Yes, the asylum was known to have tunnels and "secret" passages for the staff to move between the wings and buildings during the winter. The tunnels are all well documented, as were their uses, and the staff rooms. While it's nice to think that, during renovations, the accesses would have remained open or worked directly into the residential design... No. Not going to happen and not logical. The book cast the building-- just the Kirkbride, too-- as the necessary "evil castle stronghold" for the witch's. They included the idea of insane ghosts, murderous ghosts, and so on. But... We've seen it all before.
Witch's were addressed in the series. If going by the books, "Witch's Canyon" had an excellent portrayal for a hunt. If by the show, you get the demon element manipulating human stupidity. This book had neither.
Now that the big reveal of the Campbell family is done with and worked in as often as possible, it seems that the book could only think to use them as a "your family fought them before" thing. Pulling up the Striga storyline from the early seasons-- but only the entire family is inept at this hunt, and it wasn't just John freaking out that his kids almost died. The clan gets worked in as much as time travel for a plot device.

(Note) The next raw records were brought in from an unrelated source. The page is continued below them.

lemma prob_space_perc: "prob_space (perc p)"
  unfolding perc_def by (rule prob_space_PiM) (rule prob_space_measure_pmf)

lemma pred_coordinate: "s \<in> I \<Longrightarrow> Measurable.pred (Pi\<^sub>M I (\<lambda>_. bern p)) (\<lambda>\<omega>. \<omega> s)"
  by (rule measurable_compose[OF measurable_component_singleton]) auto

lemma pred_site_open: "s \<in> Lat \<Longrightarrow> Measurable.pred (perc p) (\<lambda>\<omega>. \<omega> s)"
  unfolding perc_def by (rule pred_coordinate)

definition lattice_paths :: "int \<times> int \<Rightarrow> int \<times> int \<Rightarrow> (int \<times> int) list set" where
  "lattice_paths z w = {zs. zs \<noteq> [] \<and> hd zs = z \<and> last zs = w \<and> set zs \<subseteq> Lat \<and>
      (\<forall>i. i + 1 < length zs \<longrightarrow> step_ok (zs ! i) (zs ! (i + 1)))}"

lemma reachable_iff_open_path:
  "reachable \<omega> z w \<longleftrightarrow> (\<exists>zs\<in>lattice_paths z w. \<forall>i\<in>{..<length zs - 1}. \<omega> (zs ! i))"
  unfolding reach_iff_reachable[symmetric] reach_def lattice_paths_def by auto

lemma pred_reachable: "Measurable.pred (perc p) (\<lambda>\<omega>. reachable \<omega> z w)"
  unfolding reachable_iff_open_path
proof (intro pred_intros_countable_bounded pred_intros_finite)
  fix zs i
  assume "zs \<in> lattice_paths z w" "i \<in> {..<length zs - 1}"
  then have "zs ! i \<in> Lat" unfolding lattice_paths_def by (auto dest!: nth_mem[of i zs])
  then show "Measurable.pred (perc p) (\<lambda>\<omega>. \<omega> (zs ! i))" by (rule pred_site_open)
qed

At least this time they left Castiel out of it.
In short and spoiler free:
The book is bad. It's strung together with almost no narrative logic, it fails to maintain the characters in any sensible way, or restore the status quo to pre-season standards. And it's just bad. I literally cringed as I read it.
There's better fanfiction out there. And I can't believe they ruined all that history and potential! Danvers Asylum is one of the most atmospheric establishments I've ever seen. It's beautiful and creepy, and had so, so much potential. For fuck's sake, it inspired Lovecraft! Would it have been so hard to just draw on Lovecraft's style, pacing, or themes when tossing the Winchesters into a story about Danvers and the Necromicon?
... It may have pissed me off a bit.